▶ [REQUIREMENT]
Retrieve every line from the records in which the word "False" occurs.

▶ [RECORDS FOR THIS EXERCISE]
(* Let $p\in(0,1]$ and let $(\mathcal M,d,0)$ be a pointed $p$-metric space with $\mathcal M=\{0,x,y\}$ (three distinct points). Put $d_x=d(x,0)$, $d_y=d(y,0)$, $d_{xy}=d(x,y)$. Then for all $a,b\in\mathbb R$, \[\|a\delta(x)+b\delta(y)\|_{\mathcal F_p(\mathcal M)}^p=\min\{|ad_x|^p+|bd_y|^p,\ |(a+b)d_x|^p+|bd_{xy}|^p,\ |(a+b)d_y|^p+|ad_{xy}|^p\}.\]
   Context: A $p$-metric space is a set with $d$ such that $d^p$ is a metric; pointed means a distinguished point $0$. A $p$-Banach space is a complete vector space with a $p$-norm. $\delta(x)$ is evaluation at $x$ on real functions on $\mathcal M$ vanishing at $0$, and $\mathcal F_p(\mathcal M)$ is the completion of $\mathrm{span}\{\delta(x)\}$ under $\|\sum a_i\delta(x_i)\|=\sup\|\sum a_if(x_i)\|_Y$ over $p$-Banach $Y$ and $1$-Lipschitz $f:\mathcal M\to Y$ with $f(0)=0$. *)

theory Defs
  imports "HOL-Analysis.Analysis"
begin

definition p_metric :: "real \<Rightarrow> 'a set \<Rightarrow> ('a \<Rightarrow> 'a \<Rightarrow> real) \<Rightarrow> bool" where
  "p_metric p M d \<longleftrightarrow>
     (\<forall>u\<in>M. \<forall>v\<in>M. d u v \<ge> 0 \<and> (d u v = 0 \<longleftrightarrow> u = v) \<and> d u v = d v u) \<and>
     (\<forall>u\<in>M. \<forall>v\<in>M. \<forall>w\<in>M. d u w powr p \<le> d u v powr p + d v w powr p)"

definition p_norm :: "real \<Rightarrow> ('v::real_vector \<Rightarrow> real) \<Rightarrow> bool" where
  "p_norm p N \<longleftrightarrow>
     (\<forall>v. N v \<ge> 0) \<and> (\<forall>v. N v = 0 \<longleftrightarrow> v = 0) \<and>
     (\<forall>t v. N (t *\<^sub>R v) = \<bar>t\<bar> * N v) \<and>
     (\<forall>v w. N (v + w) powr p \<le> N v powr p + N w powr p)"

definition p_banach :: "real \<Rightarrow> ('v::real_vector \<Rightarrow> real) \<Rightarrow> bool" where
  "p_banach p N \<longleftrightarrow> p_norm p N \<and>
     (\<forall>X :: nat \<Rightarrow> 'v. (\<forall>e>0. \<exists>K. \<forall>m\<ge>K. \<forall>n\<ge>K. N (X m - X n) < e)
        \<longrightarrow> (\<exists>L. (\<lambda>n. N (X n - L)) \<longlonglongrightarrow> 0))"

definition lip1_pointed :: "'a set \<Rightarrow> ('a \<Rightarrow> 'a \<Rightarrow> real) \<Rightarrow> 'a \<Rightarrow> ('v::real_vector \<Rightarrow> real) \<Rightarrow> ('a \<Rightarrow> 'v) \<Rightarrow> bool" where
  "lip1_pointed M d z N f \<longleftrightarrow> f z = 0 \<and> (\<forall>u\<in>M. \<forall>v\<in>M. N (f u - f v) \<le> d u v)"

end

(* Every 1-Lipschitz f with f 0 = 0 satisfies
     a f(x) + b f(y) = (a - t) f(x) + (b + t) f(y) + t (f(x) - f(y))   for every real t,
   so by the p-triangle inequality the p-th power of its norm is at most the cost
     G(t) = |(a - t) d_x|^p + |(b + t) d_y|^p + |t d_xy|^p.
   G is a weighted sum of |t - c|^p over the centres c = a, -b, 0; it is concave between
   consecutive centres and monotone outside them, so its minimum is attained at a centre, and
   the values there are the three expressions of the minimum. Conversely min_t G(t) is
   p-subadditive in (a, b), as an infimum of the jointly p-subadditive G, and homogeneous, so
   its p-th root is a p-norm on R^2 for which x |-> (1, 0), y |-> (0, 1) is 1-Lipschitz; this
   realises the bound exactly. *)

theory Submission
  imports Defs
begin

lemma powr_add_le:
  fixes x y p :: real
  assumes "0 < p" "p \<le> 1" "0 \<le> x" "0 \<le> y"
  shows "(x + y) powr p \<le> x powr p + y powr p"
proof (cases "x + y = 0")
  case True
  then show ?thesis using assms by simp
next
  case False
  define s where "s = x + y"
  have s: "0 < s" using False assms by (simp add: s_def)
  have frac_le: "u / s \<le> u powr p / s powr p" if "0 \<le> u" "u \<le> s" for u
  proof -
    have "u / s = (u / s) powr 1" using that s by simp
    also have "\<dots> \<le> (u / s) powr p" using that s assms by (intro powr_mono') auto
    finally show ?thesis using that s by (simp add: powr_divide)
  qed
  have "1 = x / s + y / s" using s by (simp add: s_def add_divide_distrib[symmetric])
  also have "\<dots> \<le> (x powr p + y powr p) / s powr p"
    using frac_le[of x] frac_le[of y] assms by (simp add: s_def add_divide_distrib)
  finally show ?thesis using s by (simp add: s_def)
qed

lemma abs_powr_add_le:
  fixes u v p :: real
  assumes "0 < p" "p \<le> 1"
  shows "\<bar>u + v\<bar> powr p \<le> \<bar>u\<bar> powr p + \<bar>v\<bar> powr p"
proof -
  have "\<bar>u + v\<bar> powr p \<le> (\<bar>u\<bar> + \<bar>v\<bar>) powr p"
    using assms by (intro powr_mono2) auto
  also have "\<dots> \<le> \<bar>u\<bar> powr p + \<bar>v\<bar> powr p"
    using assms by (intro powr_add_le) auto
  finally show ?thesis .
qed

lemma powr_le_powr_iff:
  fixes x y p :: real
  assumes "0 < p" "0 \<le> x" "0 \<le> y"
  shows "x powr p \<le> y powr p \<longleftrightarrow> x \<le> y"
  using assms by (meson not_le powr_less_mono2 powr_mono2 less_imp_le)

lemma powr_concave:
  fixes p :: real
  assumes "0 < p" "p \<le> 1"
  shows "concave_on {0..} (\<lambda>x. x powr p)"
proof (rule concave_on_linorderI)
  fix t x y :: real
  assume t: "0 < t" "t < 1" and xy: "x \<in> {0..}" "y \<in> {0..}" "x < y"
  show "(1 - t) * x powr p + t * y powr p \<le> ((1 - t) *\<^sub>R x + t *\<^sub>R y) powr p"
  proof (cases "x = 0")
    case True
    have "t = t powr 1" using t by simp
    also have "\<dots> \<le> t powr p" using t assms by (intro powr_mono') auto
    finally have "t * y powr p \<le> t powr p * y powr p"
      using xy by (intro mult_right_mono) auto
    then show ?thesis using True t xy assms by (simp add: powr_mult)
  next
    case False
    have "concave_on {0<..} (\<lambda>x::real. x powr p)"
      by (rule f''_le0_imp_concave[where f' = "\<lambda>x. p * x powr (p - 1)"
            and f'' = "\<lambda>x. p * ((p - 1) * x powr (p - 1 - 1))"])
        (use assms in \<open>auto intro!: derivative_eq_intros
           simp: mult_nonneg_nonpos mult_nonpos_nonneg\<close>)
    from concave_onD[OF this, of t x y] show ?thesis using False t xy by auto
  qed
qed simp

lemma abs_diff_powr_concave:
  fixes p l r c :: real
  assumes "0 < p" "p \<le> 1" "c \<le> l \<or> r \<le> c"
  shows "concave_on {l..r} (\<lambda>s. \<bar>s - c\<bar> powr p)"
proof (rule concave_on_linorderI)
  fix t x y :: real
  assume t: "0 < t" "t < 1" and xy: "x \<in> {l..r}" "y \<in> {l..r}"
  have "(1 - t) *\<^sub>R x + t *\<^sub>R y - c = (1 - t) * (x - c) + t * (y - c)"
    by (simp add: algebra_simps)
  also have "\<bar>\<dots>\<bar> = (1 - t) * \<bar>x - c\<bar> + t * \<bar>y - c\<bar>"
  proof (cases "c \<le> l")
    case True
    then show ?thesis using t xy by (simp add: abs_of_nonneg)
  next
    case False
    then have "x - c \<le> 0" "y - c \<le> 0" using assms(3) xy by auto
    then show ?thesis
      using t by (simp add: abs_of_nonpos mult_nonneg_nonpos add_nonpos_nonpos right_diff_distrib)
  qed
  finally have "\<bar>((1 - t) *\<^sub>R x + t *\<^sub>R y) - c\<bar> = (1 - t) * \<bar>x - c\<bar> + t * \<bar>y - c\<bar>" .
  with concave_onD[OF powr_concave[OF assms(1,2)], of t "\<bar>x - c\<bar>" "\<bar>y - c\<bar>"] t
  show "(1 - t) * \<bar>x - c\<bar> powr p + t * \<bar>y - c\<bar> powr p
    \<le> \<bar>((1 - t) *\<^sub>R x + t *\<^sub>R y) - c\<bar> powr p"
    by simp
qed simp

lemma concave_on_sum_fun:
  assumes "finite I" "convex S" "\<And>i. i \<in> I \<Longrightarrow> concave_on S (f i)"
  shows "concave_on S (\<lambda>x. \<Sum>i\<in>I. f i x)"
  using assms by (induction I rule: finite_induct) (auto intro: concave_on_add simp: concave_on_const)

lemma sum_abs_powr_min_at_center:
  fixes c w :: "'i \<Rightarrow> real" and p t :: real
  assumes "0 < p" "p \<le> 1" "finite I" "I \<noteq> {}" "\<And>i. i \<in> I \<Longrightarrow> 0 \<le> w i"
  shows "\<exists>j\<in>I. (\<Sum>i\<in>I. w i * \<bar>c j - c i\<bar> powr p) \<le> (\<Sum>i\<in>I. w i * \<bar>t - c i\<bar> powr p)"
proof -
  define g where "g s = (\<Sum>i\<in>I. w i * \<bar>s - c i\<bar> powr p)" for s
  have closer: "g s \<le> g t" if "\<And>i. i \<in> I \<Longrightarrow> \<bar>s - c i\<bar> \<le> \<bar>t - c i\<bar>" for s
    unfolding g_def using that assms(1,5)
    by (intro sum_mono mult_left_mono powr_mono2) auto
  have argmin: "\<exists>j\<in>J. c j = Min (c ` J)" and argmax: "\<exists>j\<in>J. c j = Max (c ` J)"
    if "J \<subseteq> I" "J \<noteq> {}" for J
  proof -
    have "finite (c ` J)" "c ` J \<noteq> {}" using that finite_subset[OF _ assms(3)] by auto
    then show "\<exists>j\<in>J. c j = Min (c ` J)" "\<exists>j\<in>J. c j = Max (c ` J)"
      using Min_in Max_in by (metis imageE)+
  qed
  consider (above) "\<forall>i\<in>I. t \<le> c i" | (below) "\<forall>i\<in>I. c i \<le> t"
    | (between) "\<exists>i\<in>I. c i \<le> t" "\<exists>i\<in>I. t \<le> c i"
    by fastforce
  then show ?thesis
  proof cases
    case above
    obtain j where j: "j \<in> I" "c j = Min (c ` I)" using argmin[of I] assms by auto
    then have "t \<le> c j" "\<forall>i\<in>I. c j \<le> c i" using above assms(3) by auto
    then have "g (c j) \<le> g t" by (intro closer) (auto simp: abs_if)
    with j(1) show ?thesis unfolding g_def by blast
  next
    case below
    obtain j where j: "j \<in> I" "c j = Max (c ` I)" using argmax[of I] assms by auto
    then have "c j \<le> t" "\<forall>i\<in>I. c i \<le> c j" using below assms(3) by auto
    then have "g (c j) \<le> g t" by (intro closer) (auto simp: abs_if)
    with j(1) show ?thesis unfolding g_def by blast
  next
    case between
    define L where "L = {i\<in>I. c i \<le> t}"
    define R where "R = {i\<in>I. t \<le> c i}"
    have LR: "L \<subseteq> I" "L \<noteq> {}" "R \<subseteq> I" "R \<noteq> {}"
      using between by (auto simp: L_def R_def)
    obtain l where l: "l \<in> L" "c l = Max (c ` L)" using argmax LR by blast
    obtain r where r: "r \<in> R" "c r = Min (c ` R)" using argmin LR by blast
    have fin: "finite (c ` L)" "finite (c ` R)" using assms(3) by (simp_all add: L_def R_def)
    have gap: "c i \<le> c l \<or> c r \<le> c i" if "i \<in> I" for i
    proof (cases "c i \<le> t")
      case True
      then have "i \<in> L" using that by (simp add: L_def)
      then show ?thesis using Max_ge[OF fin(1)] l(2) by simp
    next
      case False
      then have "i \<in> R" using that by (simp add: R_def)
      then show ?thesis using Min_le[OF fin(2)] r(2) by simp
    qed
    have "concave_on {c l..c r} g"
      unfolding g_def
    proof (intro concave_on_sum_fun concave_on_cmul abs_diff_powr_concave)
      show "c i \<le> c l \<or> c r \<le> c i" "0 \<le> w i" if "i \<in> I" for i
        using gap assms(5) that by auto
    qed (use assms in auto)
    moreover have "t \<in> {c l..c r}" using l(1) r(1) by (simp add: L_def R_def)
    ultimately have "min (g (c l)) (g (c r)) \<le> g t" by (rule concave_on_ge_min)
    then have "g (c l) \<le> g t \<or> g (c r) \<le> g t" by (simp add: min_le_iff_disj)
    moreover have "l \<in> I" "r \<in> I" using l(1) r(1) by (simp_all add: L_def R_def)
    ultimately show ?thesis unfolding g_def by blast
  qed
qed

lemma p_metric_pos:
  assumes "p_metric p M d" "u \<in> M" "v \<in> M" "u \<noteq> v"
  shows "0 < d u v"
  using assms unfolding p_metric_def by (metis order_le_less)

lemma pnorm_scaleR_powr_le:
  assumes "p_norm p N" "0 < p" "N u \<le> A"
  shows "N (k *\<^sub>R u) powr p \<le> \<bar>k * A\<bar> powr p"
proof -
  have "0 \<le> N u" and "N (k *\<^sub>R u) = \<bar>k\<bar> * N u" using assms(1) by (auto simp: p_norm_def)
  moreover from this have "\<bar>k\<bar> * N u \<le> \<bar>k * A\<bar>"
    using assms(3) by (simp add: abs_mult mult_left_mono)
  ultimately show ?thesis using assms(2) by (simp add: powr_mono2)
qed

lemma p_banach_if_equivalent_to_norm:
  fixes N :: "'v::banach \<Rightarrow> real"
  assumes "p_norm p N" "0 < c" "\<And>v. c * norm v \<le> N v" "\<And>v. N v \<le> K * norm v"
  shows "p_banach p N"
  unfolding p_banach_def
proof (intro conjI allI impI)
  fix X :: "nat \<Rightarrow> 'v"
  assume cauchy: "\<forall>e>0. \<exists>M. \<forall>m\<ge>M. \<forall>n\<ge>M. N (X m - X n) < e"
  have "Cauchy X"
    unfolding Cauchy_iff
  proof (intro allI impI)
    fix e :: real
    assume "0 < e"
    then obtain M where M: "\<forall>m\<ge>M. \<forall>n\<ge>M. N (X m - X n) < c * e"
      using cauchy assms(2) by (meson mult_pos_pos)
    have "norm (X m - X n) < e" if "M \<le> m" "M \<le> n" for m n
    proof -
      have "c * norm (X m - X n) < c * e" using M that assms(3) by (meson le_less_trans)
      then show ?thesis using assms(2) by simp
    qed
    then show "\<exists>M. \<forall>m\<ge>M. \<forall>n\<ge>M. norm (X m - X n) < e" by blast
  qed
  then obtain L where "X \<longlonglongrightarrow> L" using Cauchy_convergent_iff convergent_def by blast
  then have limit: "(\<lambda>n. K * norm (X n - L)) \<longlonglongrightarrow> 0"
    by (intro tendsto_mult_right_zero tendsto_norm_zero LIM_zero)
  have lower: "\<forall>\<^sub>F n in sequentially. 0 \<le> N (X n - L)"
    and upper: "\<forall>\<^sub>F n in sequentially. N (X n - L) \<le> K * norm (X n - L)"
    using assms(1,4) by (simp_all add: p_norm_def)
  have "(\<lambda>n. N (X n - L)) \<longlonglongrightarrow> 0"
    by (rule tendsto_sandwich[OF lower upper tendsto_const limit])
  then show "\<exists>L. (\<lambda>n. N (X n - L)) \<longlonglongrightarrow> 0" by blast
qed (rule assms(1))

(* The cost of writing a u + b v as (a - t) u + (b + t) v + t (u - v), where u, v, u - v have
   norms at most A, B, C. *)
definition split_cost :: "real \<Rightarrow> real \<Rightarrow> real \<Rightarrow> real \<Rightarrow> real \<Rightarrow> real \<Rightarrow> real \<Rightarrow> real"
  where
  "split_cost p A B C a b t = \<bar>(a - t) * A\<bar> powr p + \<bar>(b + t) * B\<bar> powr p + \<bar>t * C\<bar> powr p"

▶ [RESPONSE AREA]
  case False
  have s: "0 < s" using False assms by (simp add: s_def)
    case False
    from concave_onD[OF this, of t x y] show ?thesis using False t xy by auto
    case False
      case False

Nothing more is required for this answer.